(Dataset entries)
********************
theorem mainTheorem8:
  fixes \<Omega> :: "'g::{group_add,countable} set"
    and Y :: "nat \<Rightarrow> 'g set" and v :: "nat \<Rightarrow> 'g" and A :: "'g lop"
  assumes Om_fin: "finite \<Omega>" and Om_e: "0 \<in> \<Omega>"
    and Om_gen: "(\<Union>k\<in>{1..}. Omega_pow \<Omega> k) = UNIV"
    and Y_fin: "\<And>n. 1 \<le> n \<Longrightarrow> finite (Y n)"
    and Y_inc: "\<And>m n. 1 \<le> m \<Longrightarrow> m \<le> n \<Longrightarrow> Y m \<subseteq> Y n"
    and Y_union: "(\<Union>n\<in>{1..}. Y n) = UNIV"
    and v_infl: "\<And>m n. 1 \<le> m \<Longrightarrow> 1 \<le> n \<Longrightarrow> m \<noteq> n \<Longrightarrow>
        gmul (Zset \<Omega> Y m) {- v m} \<inter> gmul (Zset \<Omega> Y n) {- v n} = {}"
    and A_BDO: "A \<in> BDO"
  defines "OpA \<equiv> (\<lambda>u t. Op_seq v Y (\<lambda>n. Proj (Y n) \<circ> A \<circ> Proj (Y n)) u t
                          + Proj (Gamma' Y v) u t)"
  shows
   "(\<forall>h B r. tends_to_inf h \<and> is_limit_op OpA h B \<and>
       infinite {n. \<exists>k\<ge>1. h n \<in> gmul (gmul {v k} (ginv (bd_Om \<Omega> (Y k)))) (Omega_le \<Omega> r)}
     \<longrightarrow> (\<exists>k \<eta> w \<psi> YY \<phi> Ag. strict_mono k \<and> (\<forall>j. 1 \<le> k j) \<and>
           (\<forall>j. \<eta> j \<in> ginv (bd_Om \<Omega> (Y (k j)))) \<and>
           strict_mono \<psi> \<and> (\<forall>j. v (k j) + \<eta> j + w = h (\<psi> j)) \<and>
           strong_conv (\<lambda>j. Proj (gmul (Y (k j)) {\<eta> j + w})) (Proj YY) \<and>
           strict_mono \<phi> \<and> is_limit_op A (\<lambda>j. \<eta> (\<phi> j) + w) Ag \<and>
           (\<forall>u\<in>l2. B u = (\<lambda>t. Proj YY (Ag (Proj YY u)) t + (u t - Proj YY u t)))))
  \<and> (\<forall>k \<eta> w YY nn Ag. strict_mono k \<and> (\<forall>j. 1 \<le> k j) \<and>
       (\<forall>j. \<eta> (k j) \<in> ginv (bd_Om \<Omega> (Y (k j)))) \<and>
       strong_conv (\<lambda>j. Proj (gmul (Y (k j)) {\<eta> (k j) + w})) (Proj YY) \<and>
       strict_mono nn \<and> is_limit_op A (\<lambda>r. \<eta> (k (nn r)) + w) Ag
     \<longrightarrow> is_limit_op OpA (\<lambda>r. v (k (nn r)) + \<eta> (k (nn r)) + w)
           (\<lambda>u t. Proj YY (Ag (Proj YY u)) t + (u t - Proj YY u t)))"
proof -
  interpret countable_block_setting \<Omega> Y v by unfold_locales (use Om_gen v_infl in auto)
  have OpA: "OpA = Op_ext A" unfolding OpA_def Op_ext_def ..
  obtain C where C: "bounded_op A C" using BDO_bounded[OF A_BDO] by blast
  show ?thesis
    unfolding OpA
    using limit_operator_structure[OF Om_fin Y_fin A_BDO] limit_operator_converse[OF C]
    by blast
qed

end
********************
**ASSIGNED TASK**: Among the records above, extract exactly the lines from the line with "gmul (Zset \<Omega> Y m)" to the line with "Proj (Y n)) u t", both lines included, and leave out the rest.

**WRITTEN REPLY**:
        gmul (Zset \<Omega> Y m) {- v m} \<inter> gmul (Zset \<Omega> Y n) {- v n} = {}"
    and A_BDO: "A \<in> BDO"
  defines "OpA \<equiv> (\<lambda>u t. Op_seq v Y (\<lambda>n. Proj (Y n) \<circ> A \<circ> Proj (Y n)) u t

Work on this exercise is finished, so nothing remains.